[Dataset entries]

/---

(* A map $T:\mathrm{PSym}(3)\to\mathrm{Sym}(3)$ satisfies Axioms (A0.1), (A0.2), (A0.3), (A1), (A2) and (A3) if and only if there exist constants $G,\Lambda\in\mathbb R$ with $G\neq0$ and $3\Lambda+2G\neq0$ such that $$T(U)=2G\,\log U+\Lambda\,\mathrm{tr}(\log U)\,\mathbb 1\qquad\text{for all }U\in\mathrm{PSym}(3),$$ equivalently, constants $G,K\in\mathbb R\setminus\{0\}$ with $T(U)=2G\,\mathrm{dev}_3\log U+K\,\mathrm{tr}(\log U)\,\mathbb 1$ for all $U\in\mathrm{PSym}(3)$ (where $K=\Lambda+\tfrac23 G$).
   Context: $\mathrm{Sym}(3)$: real symmetric $3\times3$ matrices; $\mathrm{PSym}(3)$: symmetric positive definite ones; $\mathbb 1$: identity; $\mathrm{O}(3)$: orthogonal group; $\log:\mathrm{PSym}(3)\to\mathrm{Sym}(3)$ the principal matrix logarithm; $\mathrm{dev}_3X=X-\tfrac13\mathrm{tr}(X)\mathbb 1$; coaxial means commuting. Axiom (A0.1): $T$ continuous. Axiom (A0.2): $T(U)=0$ iff $U=\mathbb 1$. Axiom (A0.3): $T(Q^TUQ)=Q^TT(U)Q$ for all $Q\in\mathrm O(3)$, $U\in\mathrm{PSym}(3)$. Axiom (A1): for every $\alpha>0$ there is $s\in\mathbb R$ such that for all $U\in\mathrm{PSym}(3)$: $U=\mathrm{diag}(\alpha,\alpha^{-1},1)$ iff $T(U)=\mathrm{diag}(s,-s,0)$. Axiom (A2): for every $\lambda>0$ there is $a\in\mathbb R$ such that for all $U\in\mathrm{PSym}(3)$: $U=\lambda\mathbb 1$ iff $T(U)=a\mathbb 1$. Axiom (A3): $T(U_1U_2)=T(U_1)+T(U_2)$ for all coaxial $U_1,U_2\in\mathrm{PSym}(3)$. *)

theory Defs
  imports "HOL-Analysis.Analysis"
begin

type_synonym mat3 = "real^3^3"

definition Sym3 :: "mat3 set" where
  "Sym3 = {A. transpose A = A}"

definition PSym3 :: "mat3 set" where
  "PSym3 = {U. transpose U = U \<and> (\<forall>x::real^3. x \<noteq> 0 \<longrightarrow> x \<bullet> (U *v x) > 0)}"

primrec matpow :: "mat3 \<Rightarrow> nat \<Rightarrow> mat3" where
  "matpow A 0 = mat 1"
| "matpow A (Suc n) = A ** matpow A n"

definition mexp :: "mat3 \<Rightarrow> mat3" where
  "mexp A = (\<Sum>n. (1 / fact n) *\<^sub>R matpow A n)"

definition mlog :: "mat3 \<Rightarrow> mat3" where
  "mlog U = (THE L. L \<in> Sym3 \<and> mexp L = U)"

definition dev3 :: "mat3 \<Rightarrow> mat3" where
  "dev3 X = X - (trace X / 3) *\<^sub>R mat 1"

definition diag3 :: "real \<Rightarrow> real \<Rightarrow> real \<Rightarrow> mat3" where
  "diag3 a b c = (\<chi> i j. if i = j then (if i = 1 then a else if i = 2 then b else c) else 0)"

definition coaxial :: "mat3 \<Rightarrow> mat3 \<Rightarrow> bool" where
  "coaxial A B \<longleftrightarrow> A ** B = B ** A"

definition axioms_T :: "(mat3 \<Rightarrow> mat3) \<Rightarrow> bool" where
  "axioms_T T \<longleftrightarrow>
     continuous_on PSym3 T
   \<and> (\<forall>U\<in>PSym3. T U = 0 \<longleftrightarrow> U = mat 1)
   \<and> (\<forall>Q U. orthogonal_matrix Q \<longrightarrow> U \<in> PSym3 \<longrightarrow>
          T (transpose Q ** U ** Q) = transpose Q ** T U ** Q)
   \<and> (\<forall>\<alpha>>0. \<exists>s. \<forall>U\<in>PSym3. U = diag3 \<alpha> (1/\<alpha>) 1 \<longleftrightarrow> T U = diag3 s (-s) 0)
   \<and> (\<forall>l>0. \<exists>a. \<forall>U\<in>PSym3. U = l *\<^sub>R mat 1 \<longleftrightarrow> T U = a *\<^sub>R mat 1)
   \<and> (\<forall>U1\<in>PSym3. \<forall>U2\<in>PSym3. coaxial U1 U2 \<longrightarrow> T (U1 ** U2) = T U1 + T U2)"

end

(*
  If T satisfies the axioms, isotropy (A0.3) under sign changes and coordinate permutations shows
  that T maps positive diagonal matrices to diagonal ones and that F(x) := diagonal of
  T(diag(exp x)) commutes with permutations of the coordinates. By (A3) F is additive, hence linear
  by continuity (A0.1), and a linear map on R^3 commuting with coordinate permutations has the form
  F(x) = 2G x + Lambda (x1 + x2 + x3) (1,1,1). The spectral theorem and isotropy extend this to
  T(U) = 2G log U + Lambda tr(log U) 1, and (A0.2) rules out G = 0 and 3 Lambda + 2G = 0.

  Conversely, for such T the map log U |-> T(U) is injective, so each of the "iff" axioms reduces
  to evaluating T at a single matrix. Continuity of log on PSym(3) is a closed-graph argument:
  locally PSym(3) lies in the image of the compact set O(3) x [-R,R]^3 under
  (Q, x) |-> Q diag(exp x) Q^T, on which log is the continuous map (Q, x) |-> Q diag(x) Q^T.
*)
theory Submission
  imports Defs
begin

\---

# Task directions
Every line of the records above needs to be given again exactly.

# Finished exercise
(* A map $T:\mathrm{PSym}(3)\to\mathrm{Sym}(3)$ satisfies Axioms (A0.1), (A0.2), (A0.3), (A1), (A2) and (A3) if and only if there exist constants $G,\Lambda\in\mathbb R$ with $G\neq0$ and $3\Lambda+2G\neq0$ such that $$T(U)=2G\,\log U+\Lambda\,\mathrm{tr}(\log U)\,\mathbb 1\qquad\text{for all }U\in\mathrm{PSym}(3),$$ equivalently, constants $G,K\in\mathbb R\setminus\{0\}$ with $T(U)=2G\,\mathrm{dev}_3\log U+K\,\mathrm{tr}(\log U)\,\mathbb 1$ for all $U\in\mathrm{PSym}(3)$ (where $K=\Lambda+\tfrac23 G$).
   Context: $\mathrm{Sym}(3)$: real symmetric $3\times3$ matrices; $\mathrm{PSym}(3)$: symmetric positive definite ones; $\mathbb 1$: identity; $\mathrm{O}(3)$: orthogonal group; $\log:\mathrm{PSym}(3)\to\mathrm{Sym}(3)$ the principal matrix logarithm; $\mathrm{dev}_3X=X-\tfrac13\mathrm{tr}(X)\mathbb 1$; coaxial means commuting. Axiom (A0.1): $T$ continuous. Axiom (A0.2): $T(U)=0$ iff $U=\mathbb 1$. Axiom (A0.3): $T(Q^TUQ)=Q^TT(U)Q$ for all $Q\in\mathrm O(3)$, $U\in\mathrm{PSym}(3)$. Axiom (A1): for every $\alpha>0$ there is $s\in\mathbb R$ such that for all $U\in\mathrm{PSym}(3)$: $U=\mathrm{diag}(\alpha,\alpha^{-1},1)$ iff $T(U)=\mathrm{diag}(s,-s,0)$. Axiom (A2): for every $\lambda>0$ there is $a\in\mathbb R$ such that for all $U\in\mathrm{PSym}(3)$: $U=\lambda\mathbb 1$ iff $T(U)=a\mathbb 1$. Axiom (A3): $T(U_1U_2)=T(U_1)+T(U_2)$ for all coaxial $U_1,U_2\in\mathrm{PSym}(3)$. *)

theory Defs
  imports "HOL-Analysis.Analysis"
begin

type_synonym mat3 = "real^3^3"

definition Sym3 :: "mat3 set" where
  "Sym3 = {A. transpose A = A}"

definition PSym3 :: "mat3 set" where
  "PSym3 = {U. transpose U = U \<and> (\<forall>x::real^3. x \<noteq> 0 \<longrightarrow> x \<bullet> (U *v x) > 0)}"

primrec matpow :: "mat3 \<Rightarrow> nat \<Rightarrow> mat3" where
  "matpow A 0 = mat 1"
| "matpow A (Suc n) = A ** matpow A n"

definition mexp :: "mat3 \<Rightarrow> mat3" where
  "mexp A = (\<Sum>n. (1 / fact n) *\<^sub>R matpow A n)"

definition mlog :: "mat3 \<Rightarrow> mat3" where
  "mlog U = (THE L. L \<in> Sym3 \<and> mexp L = U)"

definition dev3 :: "mat3 \<Rightarrow> mat3" where
  "dev3 X = X - (trace X / 3) *\<^sub>R mat 1"

definition diag3 :: "real \<Rightarrow> real \<Rightarrow> real \<Rightarrow> mat3" where
  "diag3 a b c = (\<chi> i j. if i = j then (if i = 1 then a else if i = 2 then b else c) else 0)"

definition coaxial :: "mat3 \<Rightarrow> mat3 \<Rightarrow> bool" where
  "coaxial A B \<longleftrightarrow> A ** B = B ** A"

definition axioms_T :: "(mat3 \<Rightarrow> mat3) \<Rightarrow> bool" where
  "axioms_T T \<longleftrightarrow>
     continuous_on PSym3 T
   \<and> (\<forall>U\<in>PSym3. T U = 0 \<longleftrightarrow> U = mat 1)
   \<and> (\<forall>Q U. orthogonal_matrix Q \<longrightarrow> U \<in> PSym3 \<longrightarrow>
          T (transpose Q ** U ** Q) = transpose Q ** T U ** Q)
   \<and> (\<forall>\<alpha>>0. \<exists>s. \<forall>U\<in>PSym3. U = diag3 \<alpha> (1/\<alpha>) 1 \<longleftrightarrow> T U = diag3 s (-s) 0)
   \<and> (\<forall>l>0. \<exists>a. \<forall>U\<in>PSym3. U = l *\<^sub>R mat 1 \<longleftrightarrow> T U = a *\<^sub>R mat 1)
   \<and> (\<forall>U1\<in>PSym3. \<forall>U2\<in>PSym3. coaxial U1 U2 \<longrightarrow> T (U1 ** U2) = T U1 + T U2)"

end

(*
  If T satisfies the axioms, isotropy (A0.3) under sign changes and coordinate permutations shows
  that T maps positive diagonal matrices to diagonal ones and that F(x) := diagonal of
  T(diag(exp x)) commutes with permutations of the coordinates. By (A3) F is additive, hence linear
  by continuity (A0.1), and a linear map on R^3 commuting with coordinate permutations has the form
  F(x) = 2G x + Lambda (x1 + x2 + x3) (1,1,1). The spectral theorem and isotropy extend this to
  T(U) = 2G log U + Lambda tr(log U) 1, and (A0.2) rules out G = 0 and 3 Lambda + 2G = 0.

  Conversely, for such T the map log U |-> T(U) is injective, so each of the "iff" axioms reduces
  to evaluating T at a single matrix. Continuity of log on PSym(3) is a closed-graph argument:
  locally PSym(3) lies in the image of the compact set O(3) x [-R,R]^3 under
  (Q, x) |-> Q diag(exp x) Q^T, on which log is the continuous map (Q, x) |-> Q diag(x) Q^T.
*)
theory Submission
  imports Defs
begin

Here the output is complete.